* _Directions_: Every line with the string "rule" must be copied from the entries below.

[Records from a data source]
section \<open>The dimension of W\<close>

lemma dim_span_triangular:
  fixes g :: "'i \<Rightarrow> rpoly" and x :: "'i \<Rightarrow> nat \<Rightarrow> nat" and rank :: "'i \<Rightarrow> 'r::linorder"
  assumes S: "finite S"
    and diag: "\<And>s. s \<in> S \<Longrightarrow> g s (x s) \<noteq> 0"
    and triangular: "\<And>s t. s \<in> S \<Longrightarrow> t \<in> S \<Longrightarrow> g t (x s) \<noteq> 0 \<Longrightarrow> t = s \<or> rank s < rank t"
  shows "rpoly.dim (rpoly.span (g ` S)) = card S"
proof -
  have inj: "inj_on g S"
  proof (rule inj_onI, rule ccontr)
    fix s t assume st: "s \<in> S" "t \<in> S" "g s = g t" "s \<noteq> t"
    have "g t (x s) \<noteq> 0" using diag[OF st(1)] st(3) by metis
    then have "rank s < rank t" using triangular[OF st(1,2)] st(4) by blast
    have "g s (x t) \<noteq> 0" using diag[OF st(2)] st(3) by metis
    then have "rank t < rank s" using triangular[OF st(2,1)] st(4) by blast
    with \<open>rank s < rank t\<close> show False by simp
  qed
  have "rpoly.independent (g ` S)"
  proof
    assume "rpoly.dependent (g ` S)"
    then obtain u v where "v \<in> g ` S" "u v \<noteq> 0" and "(\<Sum>v\<in>g ` S. pscale (u v) v) = 0"
      using rpoly.dependent_finite[OF finite_imageI[OF S]] by blast
    then have sum0: "(\<Sum>s\<in>S. pscale (u (g s)) (g s)) = 0"
      by (simp add: sum.reindex[OF inj])
    define Z where "Z = {s\<in>S. u (g s) \<noteq> 0}"
    have "finite Z" "Z \<noteq> {}"
      using S \<open>v \<in> g ` S\<close> \<open>u v \<noteq> 0\<close> by (auto simp: Z_def)
    then have "Max (rank ` Z) \<in> rank ` Z" by simp
    then obtain s0 where s0: "s0 \<in> Z" "rank s0 = Max (rank ` Z)" by (metis imageE)
    then have s0_max: "rank s \<le> rank s0" if "s \<in> Z" for s
      using \<open>finite Z\<close> that by simp
    have "s0 \<in> S" "u (g s0) \<noteq> 0" using s0(1) by (simp_all add: Z_def)
    have "(\<Sum>s\<in>S - {s0}. u (g s) * g s (x s0)) = 0"
    proof (rule sum.neutral, rule ballI, rule ccontr)
      fix s assume s: "s \<in> S - {s0}" and "u (g s) * g s (x s0) \<noteq> 0"
      then have "rank s \<le> rank s0" "rank s0 < rank s"
        using s0_max triangular[OF \<open>s0 \<in> S\<close>, of s] by (auto simp: Z_def)
      then show False by simp
    qed
    then have "(\<Sum>s\<in>S. pscale (u (g s)) (g s)) (x s0) = u (g s0) * g s0 (x s0)"
      by (simp add: sum_rpoly_apply sum.remove[OF S \<open>s0 \<in> S\<close>])
    then show False using sum0 \<open>u (g s0) \<noteq> 0\<close> diag[OF \<open>s0 \<in> S\<close>] by simp
  qed
  then show ?thesis
    using rpoly.dim_span_eq_card_independent card_image[OF inj] by simp
qed

definition W_exponent :: "nat \<Rightarrow> nat \<Rightarrow> nat \<Rightarrow> (nat \<Rightarrow> nat) \<Rightarrow> nat \<Rightarrow> nat \<Rightarrow> nat" where
  "W_exponent n m d l j = (\<lambda>i. if i < n then m + (m + 1) * l i + (if i = j then d else 0) else 0)"

lemma W_gen_eq: "W_gen n m d l = (\<lambda>\<alpha>. \<Sum>j<n. if \<alpha> = W_exponent n m d l j then 1 else 0)"
  by (simp add: W_gen_def W_exponent_def)

lemma W_gen_neq_0D: "W_gen n m d l \<alpha> \<noteq> 0 \<Longrightarrow> \<exists>j<n. \<alpha> = W_exponent n m d l j"
  by (auto simp: W_gen_eq intro: ccontr)

lemma W_gen_at_exponent:
  assumes "j < n"
  shows "W_gen n m d l (W_exponent n m d l j) \<noteq> 0"
proof -
  have "(\<Sum>j'<n. if W_exponent n m d l j = W_exponent n m d l j' then 1 else 0 :: real) \<noteq> 0"
    using assms by (subst sum_nonneg_eq_0_iff) auto
  then show ?thesis by (simp add: W_gen_eq)
qed

text \<open>For \<open>m \<ge> 1\<close> and \<open>d mod (m + 1) = m\<close>, coordinate \<open>j\<close> is the only one whose residue
  modulo \<open>m + 1\<close> is not \<open>m\<close>; so \<open>j\<close>, and \<open>l\<close> away from \<open>j\<close>, can be read off the exponent.\<close>
lemma W_exponent_eq_imp:
  assumes "m \<ge> 1" "d mod (m + 1) = m" "d' mod (m + 1) = m" "j < n" "j' < n"
    and eq: "W_exponent n m d l j = W_exponent n m d' l' j'"
  shows "j = j' \<and> (\<forall>i<n. i \<noteq> j \<longrightarrow> l i = l' i)"
proof -
  have residue: "W_exponent n m e q j0 i mod (m + 1) = (if i = j0 then m - 1 else m)"
    if e: "e mod (m + 1) = m" and i: "i < n" for e q j0 i
  proof -
    obtain e' where "e = (m + 1) * e' + m" using e by (metis mult_div_mod_eq)
    then have "W_exponent n m e q j0 i =
        (m + 1) * (q i + (if i = j0 then e' else 0)) + (if i = j0 then m + m else m)"
      using i by (simp add: W_exponent_def algebra_simps)
    moreover have "(m + m) mod (m + 1) = m - 1" using assms(1) by (simp add: mod_if)
    ultimately show ?thesis by (simp only: mod_mult_self4) simp
  qed
  have "j = j'"
  proof (rule ccontr)
    assume "j \<noteq> j'"
    then have "W_exponent n m d l j j mod (m + 1) \<noteq> W_exponent n m d' l' j' j mod (m + 1)"
      using residue[OF assms(2) assms(4)] residue[OF assms(3) assms(4)] assms(1) by simp
    then show False using eq by simp
  qed
  moreover have "l i = l' i" if "i < n" "i \<noteq> j" for i
  proof -
    have "(m + 1) * l i = (m + 1) * l' i"
      using fun_cong[OF eq, of i] that \<open>j = j'\<close> by (simp add: W_exponent_def)
    then show ?thesis by (simp only: mult_cancel1) simp
  qed
  ultimately show ?thesis by blast
qed

definition W_shift :: "nat \<Rightarrow> nat \<Rightarrow> nat \<Rightarrow> (nat \<Rightarrow> nat) \<Rightarrow> nat" where
  "W_shift n m k l = (m + 1) * (k - 1) - 1 - (m + 1) * (\<Sum>i<n. l i)"

lemma W_shift_mod:
  assumes "l \<in> expvecs_below n (k - 1)"
  shows "W_shift n m k l mod (m + 1) = m"
proof -
  obtain t where t: "k - 1 = (\<Sum>i<n. l i) + Suc t"
    using assms by (auto simp: expvecs_below_def dest: less_imp_Suc_add)
  have "W_shift n m k l = (m + 1) * t + m"
    unfolding W_shift_def t by (simp add: algebra_simps)
  then show ?thesis by (simp only: mod_mult_self4) simp
qed

lemma W_space_eq_span:
  assumes "k \<ge> 2"
  shows "W_space n m k = rpoly.span ((\<lambda>l. W_gen n m (W_shift n m k l) l) ` expvecs_below n (k - 1))"
proof -
  have gen_iff: "l \<in> expvecs n \<and> d + (m + 1) * (\<Sum>i<n. l i) = (m + 1) * (k - 1) - 1 \<longleftrightarrow>
      l \<in> expvecs_below n (k - 1) \<and> d = W_shift n m k l" for d l
  proof -
    have "(m + 1) * (k - 1) \<ge> 1" using assms by simp
    moreover have "(m + 1) * (\<Sum>i<n. l i) < (m + 1) * (k - 1) \<longleftrightarrow> (\<Sum>i<n. l i) < k - 1"
      by (simp only: mult_less_cancel1) simp
    ultimately show ?thesis by (auto simp: expvecs_below_def W_shift_def)
  qed
  have "{W_gen n m d l | d l. l \<in> expvecs n \<and> d + (m + 1) * (\<Sum>i<n. l i) = (m + 1) * (k - 1) - 1} =
      (\<lambda>l. W_gen n m (W_shift n m k l) l) ` expvecs_below n (k - 1)"
  proof (intro equalityI subsetI)
    fix P
    assume "P \<in> {W_gen n m d l | d l.
      l \<in> expvecs n \<and> d + (m + 1) * (\<Sum>i<n. l i) = (m + 1) * (k - 1) - 1}"
    then obtain d l where "P = W_gen n m d l" "l \<in> expvecs_below n (k - 1)" "d = W_shift n m k l"
      using gen_iff by blast
    then show "P \<in> (\<lambda>l. W_gen n m (W_shift n m k l) l) ` expvecs_below n (k - 1)" by simp
  next
    fix P assume "P \<in> (\<lambda>l. W_gen n m (W_shift n m k l) l) ` expvecs_below n (k - 1)"
    then obtain l where "l \<in> expvecs_below n (k - 1)" "P = W_gen n m (W_shift n m k l) l" by blast
    then show "P \<in> {W_gen n m d l | d l.
      l \<in> expvecs n \<and> d + (m + 1) * (\<Sum>i<n. l i) = (m + 1) * (k - 1) - 1}"
      using gen_iff[of l "W_shift n m k l"] by blast
  qed
  then show ?thesis by (simp add: W_space_def)
qed

lemma expvecs_below_has_zero:
  assumes "l \<in> expvecs_below n d" "d \<le> n"
  shows "\<exists>j<n. l j = 0"
proof (rule ccontr)
  assume "\<not> (\<exists>j<n. l j = 0)"
  then have "(\<Sum>j<n. 1) \<le> (\<Sum>j<n. l j)" by (intro sum_mono) (simp add: Suc_le_eq)
  then show False using assms by (simp add: expvecs_below_def)
qed

lemma dim_W_space:
  assumes "k \<ge> 2" "m \<ge> 1" "n \<ge> k - 1"
  shows "rpoly.dim (W_space n m k) = card (expvecs_below n (k - 1))"
  unfolding W_space_eq_span[OF assms(1)]
proof (rule dim_span_triangular[OF finite_expvecs_below])
  define j where "j l = (SOME j. j < n \<and> l j = 0)" for l :: "nat \<Rightarrow> nat"
  have j: "j l < n" "l (j l) = 0" if "l \<in> expvecs_below n (k - 1)" for l
    using someI_ex[OF expvecs_below_has_zero[OF that assms(3)]] by (simp_all add: j_def)
  let ?x = "\<lambda>l. W_exponent n m (W_shift n m k l) l (j l)"
  show "W_gen n m (W_shift n m k l) l (?x l) \<noteq> 0" if "l \<in> expvecs_below n (k - 1)" for l
    using W_gen_at_exponent[OF j(1)[OF that]] .
  show "l' = l \<or> (\<Sum>i<n. l i) < (\<Sum>i<n. l' i)"
    if l: "l \<in> expvecs_below n (k - 1)" and l': "l' \<in> expvecs_below n (k - 1)"
      and "W_gen n m (W_shift n m k l') l' (?x l) \<noteq> 0" for l l'
  proof -
    obtain j' where "j' < n" "?x l = W_exponent n m (W_shift n m k l') l' j'"
      using W_gen_neq_0D \<open>W_gen n m (W_shift n m k l') l' (?x l) \<noteq> 0\<close> by blast
    then have "\<forall>i<n. i \<noteq> j l \<longrightarrow> l i = l' i"
      using W_exponent_eq_imp[OF assms(2) W_shift_mod[OF l] W_shift_mod[OF l'] j(1)[OF l]] by blast
    then have le: "\<forall>i<n. l i \<le> l' i" using j(2)[OF l] by (metis le_refl zero_le)
    show ?thesis
    proof (cases "(\<Sum>i<n. l' i) \<le> (\<Sum>i<n. l i)")
      case True
      then show ?thesis
        using expvecs_eq_if_le_sum_le[OF _ _ le] l l' by (auto simp: expvecs_below_def)
    qed simp
  qed
qed

theorem lemma4p4:
  fixes n m k :: nat
  assumes "m \<ge> 1" and "k \<ge> 2" and "n \<ge> k - 1"
  shows "vector_space.dim pscale (W_space n m k) = vector_space.dim pscale (U_space n m k)"
proof -
  have "rpoly.dim (U_space n m k) + card (mult_conds n m k) = card (reduced_monos n m k)"
    using dim_U_space_add_card_mult_conds[OF assms(2,1,3)] .
  then have "rpoly.dim (U_space n m k) = card (expvecs_below n (k - 1))"
    using card_reduced_monos[OF assms(2)] card_mult_conds by simp
  then show ?thesis using dim_W_space[OF assms(2,1,3)] by simp
qed

end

* _Task result_:
  proof (rule inj_onI, rule ccontr)
    proof (rule sum.neutral, rule ballI, rule ccontr)
  proof (rule ccontr)
proof (rule ccontr)
proof (rule dim_span_triangular[OF finite_expvecs_below])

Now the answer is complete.